REQUIREMENT: Where a line of the material includes the string "shows", copy that line.

==== DATA UNDER STUDY ====

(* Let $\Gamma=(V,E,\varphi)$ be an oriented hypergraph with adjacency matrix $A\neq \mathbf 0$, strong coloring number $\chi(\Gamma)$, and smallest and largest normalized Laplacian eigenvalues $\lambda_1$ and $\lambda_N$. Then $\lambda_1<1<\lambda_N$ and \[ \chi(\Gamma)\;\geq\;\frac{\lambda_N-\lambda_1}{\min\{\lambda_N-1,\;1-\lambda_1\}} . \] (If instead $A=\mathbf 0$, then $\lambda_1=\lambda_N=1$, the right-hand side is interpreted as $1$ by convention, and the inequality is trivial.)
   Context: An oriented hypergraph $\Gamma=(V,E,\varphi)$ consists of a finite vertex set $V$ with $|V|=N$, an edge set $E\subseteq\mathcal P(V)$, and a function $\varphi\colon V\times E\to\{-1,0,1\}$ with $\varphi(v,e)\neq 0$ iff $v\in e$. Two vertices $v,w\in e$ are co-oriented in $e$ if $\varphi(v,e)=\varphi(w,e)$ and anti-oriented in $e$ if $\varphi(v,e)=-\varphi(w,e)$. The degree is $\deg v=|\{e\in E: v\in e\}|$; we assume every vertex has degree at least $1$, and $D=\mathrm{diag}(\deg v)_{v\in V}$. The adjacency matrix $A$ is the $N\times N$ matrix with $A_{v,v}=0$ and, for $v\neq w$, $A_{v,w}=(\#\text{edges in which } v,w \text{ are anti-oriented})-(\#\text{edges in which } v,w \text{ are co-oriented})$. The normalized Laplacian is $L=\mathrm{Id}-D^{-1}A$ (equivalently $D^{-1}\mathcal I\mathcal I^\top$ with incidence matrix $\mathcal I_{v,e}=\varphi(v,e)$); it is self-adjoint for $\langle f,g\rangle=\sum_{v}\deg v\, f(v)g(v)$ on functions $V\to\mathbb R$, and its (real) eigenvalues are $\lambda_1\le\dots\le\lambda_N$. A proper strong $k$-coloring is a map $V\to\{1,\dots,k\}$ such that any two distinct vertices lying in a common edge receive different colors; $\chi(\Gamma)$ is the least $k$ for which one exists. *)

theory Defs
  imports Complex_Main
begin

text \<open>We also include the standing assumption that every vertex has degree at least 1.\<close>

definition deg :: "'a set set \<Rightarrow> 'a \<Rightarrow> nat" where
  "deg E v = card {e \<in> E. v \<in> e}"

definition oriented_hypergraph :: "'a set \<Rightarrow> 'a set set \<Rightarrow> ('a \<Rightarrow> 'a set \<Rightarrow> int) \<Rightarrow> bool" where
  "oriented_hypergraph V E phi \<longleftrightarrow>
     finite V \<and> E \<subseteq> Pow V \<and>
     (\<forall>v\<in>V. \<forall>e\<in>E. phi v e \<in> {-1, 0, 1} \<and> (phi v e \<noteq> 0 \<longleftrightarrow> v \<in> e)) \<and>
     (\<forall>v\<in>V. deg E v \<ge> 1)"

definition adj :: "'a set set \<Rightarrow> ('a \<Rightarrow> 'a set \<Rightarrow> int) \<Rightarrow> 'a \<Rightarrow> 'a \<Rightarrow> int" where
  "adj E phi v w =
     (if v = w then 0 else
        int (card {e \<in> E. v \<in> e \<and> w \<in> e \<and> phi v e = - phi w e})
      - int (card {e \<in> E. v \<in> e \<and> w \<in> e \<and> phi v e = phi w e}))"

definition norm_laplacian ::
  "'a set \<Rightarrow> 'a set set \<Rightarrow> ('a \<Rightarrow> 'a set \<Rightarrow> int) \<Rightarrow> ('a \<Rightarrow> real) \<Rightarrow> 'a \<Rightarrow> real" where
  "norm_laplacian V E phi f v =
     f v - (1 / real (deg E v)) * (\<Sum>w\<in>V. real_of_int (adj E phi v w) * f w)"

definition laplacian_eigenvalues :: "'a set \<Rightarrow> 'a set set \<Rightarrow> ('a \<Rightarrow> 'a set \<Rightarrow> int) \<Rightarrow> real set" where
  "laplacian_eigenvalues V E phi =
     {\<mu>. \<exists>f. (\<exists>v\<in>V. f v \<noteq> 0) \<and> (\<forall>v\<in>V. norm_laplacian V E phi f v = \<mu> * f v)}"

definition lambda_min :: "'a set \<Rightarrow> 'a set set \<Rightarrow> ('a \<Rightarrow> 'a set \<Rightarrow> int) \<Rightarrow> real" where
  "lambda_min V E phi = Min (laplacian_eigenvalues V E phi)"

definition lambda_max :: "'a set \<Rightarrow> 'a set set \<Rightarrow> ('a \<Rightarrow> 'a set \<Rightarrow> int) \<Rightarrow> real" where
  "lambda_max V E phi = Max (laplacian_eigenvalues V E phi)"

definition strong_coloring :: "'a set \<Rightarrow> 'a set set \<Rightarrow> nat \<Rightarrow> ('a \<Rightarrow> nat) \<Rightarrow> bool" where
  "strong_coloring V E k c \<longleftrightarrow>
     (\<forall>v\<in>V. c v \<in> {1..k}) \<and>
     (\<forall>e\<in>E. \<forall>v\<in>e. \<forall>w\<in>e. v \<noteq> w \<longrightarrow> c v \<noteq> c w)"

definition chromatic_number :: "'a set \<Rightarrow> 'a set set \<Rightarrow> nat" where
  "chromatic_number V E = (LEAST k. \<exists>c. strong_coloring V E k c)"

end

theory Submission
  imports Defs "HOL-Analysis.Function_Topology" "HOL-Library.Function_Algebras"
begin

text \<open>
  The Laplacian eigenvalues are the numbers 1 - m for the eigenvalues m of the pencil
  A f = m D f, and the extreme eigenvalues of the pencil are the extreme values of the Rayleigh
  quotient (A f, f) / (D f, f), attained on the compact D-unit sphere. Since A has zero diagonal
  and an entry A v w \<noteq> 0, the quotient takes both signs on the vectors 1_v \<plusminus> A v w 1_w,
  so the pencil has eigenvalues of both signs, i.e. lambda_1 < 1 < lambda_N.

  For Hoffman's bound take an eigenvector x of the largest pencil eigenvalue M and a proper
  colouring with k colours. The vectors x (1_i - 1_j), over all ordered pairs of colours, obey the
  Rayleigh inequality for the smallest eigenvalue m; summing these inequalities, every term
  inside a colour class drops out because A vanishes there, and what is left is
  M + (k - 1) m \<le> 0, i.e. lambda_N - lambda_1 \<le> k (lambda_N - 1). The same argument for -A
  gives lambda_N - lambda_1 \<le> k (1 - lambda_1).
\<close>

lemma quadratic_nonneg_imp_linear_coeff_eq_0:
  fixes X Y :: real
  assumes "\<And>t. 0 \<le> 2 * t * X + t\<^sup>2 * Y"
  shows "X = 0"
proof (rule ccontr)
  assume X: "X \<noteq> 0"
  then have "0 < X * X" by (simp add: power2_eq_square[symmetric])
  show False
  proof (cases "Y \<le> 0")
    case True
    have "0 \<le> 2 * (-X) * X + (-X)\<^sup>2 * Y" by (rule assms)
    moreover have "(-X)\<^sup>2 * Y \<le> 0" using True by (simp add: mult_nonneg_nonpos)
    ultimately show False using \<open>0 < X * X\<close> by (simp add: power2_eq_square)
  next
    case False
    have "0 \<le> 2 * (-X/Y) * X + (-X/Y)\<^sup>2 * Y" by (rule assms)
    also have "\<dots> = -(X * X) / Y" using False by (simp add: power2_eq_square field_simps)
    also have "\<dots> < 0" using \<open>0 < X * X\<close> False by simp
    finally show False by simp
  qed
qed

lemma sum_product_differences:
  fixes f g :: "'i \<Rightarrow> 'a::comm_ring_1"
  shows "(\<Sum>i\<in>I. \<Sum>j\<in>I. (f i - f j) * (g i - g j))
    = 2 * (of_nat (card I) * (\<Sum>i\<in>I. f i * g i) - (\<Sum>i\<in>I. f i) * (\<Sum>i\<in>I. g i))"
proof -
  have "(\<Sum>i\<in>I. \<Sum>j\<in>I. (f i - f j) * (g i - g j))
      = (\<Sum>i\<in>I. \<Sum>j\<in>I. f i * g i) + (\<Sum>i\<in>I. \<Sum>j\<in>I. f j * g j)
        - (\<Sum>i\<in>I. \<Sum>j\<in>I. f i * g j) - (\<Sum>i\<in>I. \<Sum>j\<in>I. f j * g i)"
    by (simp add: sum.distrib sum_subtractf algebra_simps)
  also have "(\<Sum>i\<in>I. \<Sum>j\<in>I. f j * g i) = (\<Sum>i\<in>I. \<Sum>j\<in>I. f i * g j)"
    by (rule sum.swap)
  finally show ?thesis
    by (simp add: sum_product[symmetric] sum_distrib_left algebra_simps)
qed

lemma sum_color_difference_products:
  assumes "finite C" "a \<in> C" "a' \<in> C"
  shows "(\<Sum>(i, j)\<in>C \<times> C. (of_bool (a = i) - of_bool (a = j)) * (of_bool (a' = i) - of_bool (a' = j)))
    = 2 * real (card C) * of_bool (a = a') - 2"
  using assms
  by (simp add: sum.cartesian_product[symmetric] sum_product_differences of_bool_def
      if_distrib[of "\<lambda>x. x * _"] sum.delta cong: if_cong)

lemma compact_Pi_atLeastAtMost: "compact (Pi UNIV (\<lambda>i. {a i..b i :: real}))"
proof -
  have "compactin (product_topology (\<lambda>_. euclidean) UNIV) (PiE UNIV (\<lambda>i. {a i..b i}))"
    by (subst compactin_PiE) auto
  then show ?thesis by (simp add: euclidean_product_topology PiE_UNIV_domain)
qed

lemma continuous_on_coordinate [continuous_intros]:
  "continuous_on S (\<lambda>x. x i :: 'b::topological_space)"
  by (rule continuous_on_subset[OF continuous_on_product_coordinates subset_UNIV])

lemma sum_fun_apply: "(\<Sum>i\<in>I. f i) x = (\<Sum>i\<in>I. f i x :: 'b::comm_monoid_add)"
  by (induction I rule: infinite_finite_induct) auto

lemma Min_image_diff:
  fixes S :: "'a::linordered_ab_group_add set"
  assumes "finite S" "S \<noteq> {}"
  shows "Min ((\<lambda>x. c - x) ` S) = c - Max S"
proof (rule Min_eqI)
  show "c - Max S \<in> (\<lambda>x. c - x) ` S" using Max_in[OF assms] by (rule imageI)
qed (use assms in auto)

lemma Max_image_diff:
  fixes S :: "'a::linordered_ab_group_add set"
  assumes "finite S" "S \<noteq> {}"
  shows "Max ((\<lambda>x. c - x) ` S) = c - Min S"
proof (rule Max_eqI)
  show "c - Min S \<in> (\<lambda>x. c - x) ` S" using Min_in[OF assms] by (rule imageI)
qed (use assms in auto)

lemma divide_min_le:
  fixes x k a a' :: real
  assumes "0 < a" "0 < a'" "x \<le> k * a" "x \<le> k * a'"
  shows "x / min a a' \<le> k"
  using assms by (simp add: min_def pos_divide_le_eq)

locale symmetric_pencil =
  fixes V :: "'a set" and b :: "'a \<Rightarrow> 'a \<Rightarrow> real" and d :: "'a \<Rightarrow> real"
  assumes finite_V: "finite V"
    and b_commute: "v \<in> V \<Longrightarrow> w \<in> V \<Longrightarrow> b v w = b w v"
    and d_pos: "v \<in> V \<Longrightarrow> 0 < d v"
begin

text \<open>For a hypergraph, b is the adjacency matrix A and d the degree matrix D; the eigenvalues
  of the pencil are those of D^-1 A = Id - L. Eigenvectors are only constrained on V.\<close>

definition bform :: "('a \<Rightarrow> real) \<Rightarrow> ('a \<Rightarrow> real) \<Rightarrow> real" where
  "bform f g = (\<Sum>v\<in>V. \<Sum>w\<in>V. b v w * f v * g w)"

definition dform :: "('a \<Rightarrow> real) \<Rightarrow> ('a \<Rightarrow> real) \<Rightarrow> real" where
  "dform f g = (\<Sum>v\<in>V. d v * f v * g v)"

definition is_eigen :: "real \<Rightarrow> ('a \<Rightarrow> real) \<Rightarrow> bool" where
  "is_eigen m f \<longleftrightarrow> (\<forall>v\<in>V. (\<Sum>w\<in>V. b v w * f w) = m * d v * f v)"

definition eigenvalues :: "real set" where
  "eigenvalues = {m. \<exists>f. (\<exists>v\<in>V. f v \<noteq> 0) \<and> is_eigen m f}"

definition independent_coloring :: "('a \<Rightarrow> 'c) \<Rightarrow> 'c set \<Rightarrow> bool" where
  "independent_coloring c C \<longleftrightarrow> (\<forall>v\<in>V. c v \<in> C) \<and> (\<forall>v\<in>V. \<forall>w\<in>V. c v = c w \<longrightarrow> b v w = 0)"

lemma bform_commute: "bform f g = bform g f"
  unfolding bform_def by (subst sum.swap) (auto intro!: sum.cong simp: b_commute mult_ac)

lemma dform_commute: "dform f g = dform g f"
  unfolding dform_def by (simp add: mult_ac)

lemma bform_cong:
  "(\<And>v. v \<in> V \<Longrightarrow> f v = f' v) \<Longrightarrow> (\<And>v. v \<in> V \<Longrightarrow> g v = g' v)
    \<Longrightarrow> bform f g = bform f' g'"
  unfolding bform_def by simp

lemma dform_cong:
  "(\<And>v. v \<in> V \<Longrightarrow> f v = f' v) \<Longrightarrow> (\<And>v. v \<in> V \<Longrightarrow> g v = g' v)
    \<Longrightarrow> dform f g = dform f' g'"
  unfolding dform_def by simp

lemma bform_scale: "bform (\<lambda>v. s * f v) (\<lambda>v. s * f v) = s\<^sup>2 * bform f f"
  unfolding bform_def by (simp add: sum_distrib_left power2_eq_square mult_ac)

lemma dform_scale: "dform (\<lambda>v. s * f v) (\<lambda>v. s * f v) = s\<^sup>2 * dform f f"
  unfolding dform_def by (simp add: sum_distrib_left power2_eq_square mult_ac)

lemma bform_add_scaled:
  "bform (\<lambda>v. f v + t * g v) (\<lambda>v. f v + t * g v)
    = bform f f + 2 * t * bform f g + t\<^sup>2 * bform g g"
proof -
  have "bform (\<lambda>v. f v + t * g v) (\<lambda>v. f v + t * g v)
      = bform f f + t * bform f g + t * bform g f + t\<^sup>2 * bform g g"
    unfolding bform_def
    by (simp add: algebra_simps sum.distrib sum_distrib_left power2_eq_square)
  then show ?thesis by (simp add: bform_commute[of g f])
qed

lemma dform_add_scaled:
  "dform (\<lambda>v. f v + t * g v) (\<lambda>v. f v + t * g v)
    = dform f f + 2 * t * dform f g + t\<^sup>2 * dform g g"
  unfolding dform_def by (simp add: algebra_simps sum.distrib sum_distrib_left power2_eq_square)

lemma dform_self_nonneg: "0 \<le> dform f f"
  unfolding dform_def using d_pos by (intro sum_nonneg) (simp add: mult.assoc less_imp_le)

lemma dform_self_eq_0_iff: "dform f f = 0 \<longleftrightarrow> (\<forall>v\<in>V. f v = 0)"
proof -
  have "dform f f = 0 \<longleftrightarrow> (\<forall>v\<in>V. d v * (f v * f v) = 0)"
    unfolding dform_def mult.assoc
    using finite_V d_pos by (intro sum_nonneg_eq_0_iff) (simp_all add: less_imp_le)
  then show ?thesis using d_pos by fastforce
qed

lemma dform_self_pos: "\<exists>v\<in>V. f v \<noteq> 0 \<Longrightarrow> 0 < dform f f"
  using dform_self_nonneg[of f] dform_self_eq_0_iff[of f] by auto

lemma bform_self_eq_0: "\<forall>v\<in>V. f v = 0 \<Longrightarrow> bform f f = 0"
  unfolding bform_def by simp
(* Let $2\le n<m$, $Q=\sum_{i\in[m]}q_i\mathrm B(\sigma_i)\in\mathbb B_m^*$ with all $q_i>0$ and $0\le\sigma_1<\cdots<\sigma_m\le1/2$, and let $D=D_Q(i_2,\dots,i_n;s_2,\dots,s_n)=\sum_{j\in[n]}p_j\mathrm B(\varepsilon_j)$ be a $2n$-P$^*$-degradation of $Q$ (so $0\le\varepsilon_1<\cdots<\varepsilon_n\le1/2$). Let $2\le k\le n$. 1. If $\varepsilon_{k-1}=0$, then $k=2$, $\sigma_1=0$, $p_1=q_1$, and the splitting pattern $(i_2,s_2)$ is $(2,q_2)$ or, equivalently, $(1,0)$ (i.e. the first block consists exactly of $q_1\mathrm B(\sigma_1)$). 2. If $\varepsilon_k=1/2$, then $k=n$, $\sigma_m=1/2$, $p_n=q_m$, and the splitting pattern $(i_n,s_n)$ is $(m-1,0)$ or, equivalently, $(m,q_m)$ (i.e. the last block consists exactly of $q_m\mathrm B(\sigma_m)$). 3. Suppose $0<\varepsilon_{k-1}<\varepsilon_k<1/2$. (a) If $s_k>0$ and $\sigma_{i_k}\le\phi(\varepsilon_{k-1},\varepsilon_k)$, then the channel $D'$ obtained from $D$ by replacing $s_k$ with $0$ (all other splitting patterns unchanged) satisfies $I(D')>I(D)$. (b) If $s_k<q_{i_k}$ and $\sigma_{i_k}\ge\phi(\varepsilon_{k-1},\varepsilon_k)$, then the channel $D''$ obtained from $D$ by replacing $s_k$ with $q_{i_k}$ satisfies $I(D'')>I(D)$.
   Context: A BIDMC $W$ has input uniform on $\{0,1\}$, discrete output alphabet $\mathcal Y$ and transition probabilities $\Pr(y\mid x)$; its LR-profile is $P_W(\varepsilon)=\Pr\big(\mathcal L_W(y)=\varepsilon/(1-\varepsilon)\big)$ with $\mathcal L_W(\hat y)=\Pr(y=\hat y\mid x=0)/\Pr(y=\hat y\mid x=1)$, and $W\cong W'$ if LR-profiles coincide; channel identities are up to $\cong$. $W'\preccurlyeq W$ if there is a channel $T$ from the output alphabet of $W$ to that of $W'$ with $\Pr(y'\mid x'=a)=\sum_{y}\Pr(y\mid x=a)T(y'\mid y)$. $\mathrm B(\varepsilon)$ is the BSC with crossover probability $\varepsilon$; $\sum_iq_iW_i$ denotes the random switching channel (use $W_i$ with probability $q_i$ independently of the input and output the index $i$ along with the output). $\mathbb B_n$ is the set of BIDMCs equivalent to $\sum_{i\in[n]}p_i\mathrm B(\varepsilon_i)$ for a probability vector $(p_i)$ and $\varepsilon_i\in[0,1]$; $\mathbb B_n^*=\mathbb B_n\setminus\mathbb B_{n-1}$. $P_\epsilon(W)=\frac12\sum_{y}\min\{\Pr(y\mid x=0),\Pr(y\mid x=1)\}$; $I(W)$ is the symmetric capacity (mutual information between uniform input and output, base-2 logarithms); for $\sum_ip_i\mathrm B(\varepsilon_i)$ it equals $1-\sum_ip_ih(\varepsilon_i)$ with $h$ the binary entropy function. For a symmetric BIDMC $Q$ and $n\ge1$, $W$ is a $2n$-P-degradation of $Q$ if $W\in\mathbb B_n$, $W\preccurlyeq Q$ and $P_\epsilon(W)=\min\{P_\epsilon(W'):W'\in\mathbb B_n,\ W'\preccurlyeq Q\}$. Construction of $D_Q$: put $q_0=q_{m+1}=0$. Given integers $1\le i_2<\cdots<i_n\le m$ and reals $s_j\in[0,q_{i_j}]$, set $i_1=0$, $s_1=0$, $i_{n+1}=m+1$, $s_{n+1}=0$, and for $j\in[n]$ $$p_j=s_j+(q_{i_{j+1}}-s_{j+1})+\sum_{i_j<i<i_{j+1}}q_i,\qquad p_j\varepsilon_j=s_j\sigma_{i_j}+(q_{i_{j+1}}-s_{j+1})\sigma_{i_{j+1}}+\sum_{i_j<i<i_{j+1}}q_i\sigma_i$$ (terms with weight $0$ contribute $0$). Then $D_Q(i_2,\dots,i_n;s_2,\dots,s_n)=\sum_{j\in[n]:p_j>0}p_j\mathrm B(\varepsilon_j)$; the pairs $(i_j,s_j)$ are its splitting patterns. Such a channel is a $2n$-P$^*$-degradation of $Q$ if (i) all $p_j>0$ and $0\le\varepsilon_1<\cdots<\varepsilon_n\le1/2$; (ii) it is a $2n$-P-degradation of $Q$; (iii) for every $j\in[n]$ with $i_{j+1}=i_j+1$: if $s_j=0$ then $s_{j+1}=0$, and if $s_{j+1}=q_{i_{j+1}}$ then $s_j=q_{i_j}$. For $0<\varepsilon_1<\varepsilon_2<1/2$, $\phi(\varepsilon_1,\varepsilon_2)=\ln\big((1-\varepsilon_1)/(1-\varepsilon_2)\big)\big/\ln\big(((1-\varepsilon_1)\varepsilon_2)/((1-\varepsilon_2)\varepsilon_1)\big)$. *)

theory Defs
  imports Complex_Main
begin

====

EXERCISE SOLUTION:
  shows "X = 0"
  shows "(\<Sum>i\<in>I. \<Sum>j\<in>I. (f i - f j) * (g i - g j))
  shows "(\<Sum>(i, j)\<in>C \<times> C. (of_bool (a = i) - of_bool (a = j)) * (of_bool (a' = i) - of_bool (a' = j)))
  shows "Min ((\<lambda>x. c - x) ` S) = c - Max S"
  shows "Max ((\<lambda>x. c - x) ` S) = c - Min S"
  shows "x / min a a' \<le> k"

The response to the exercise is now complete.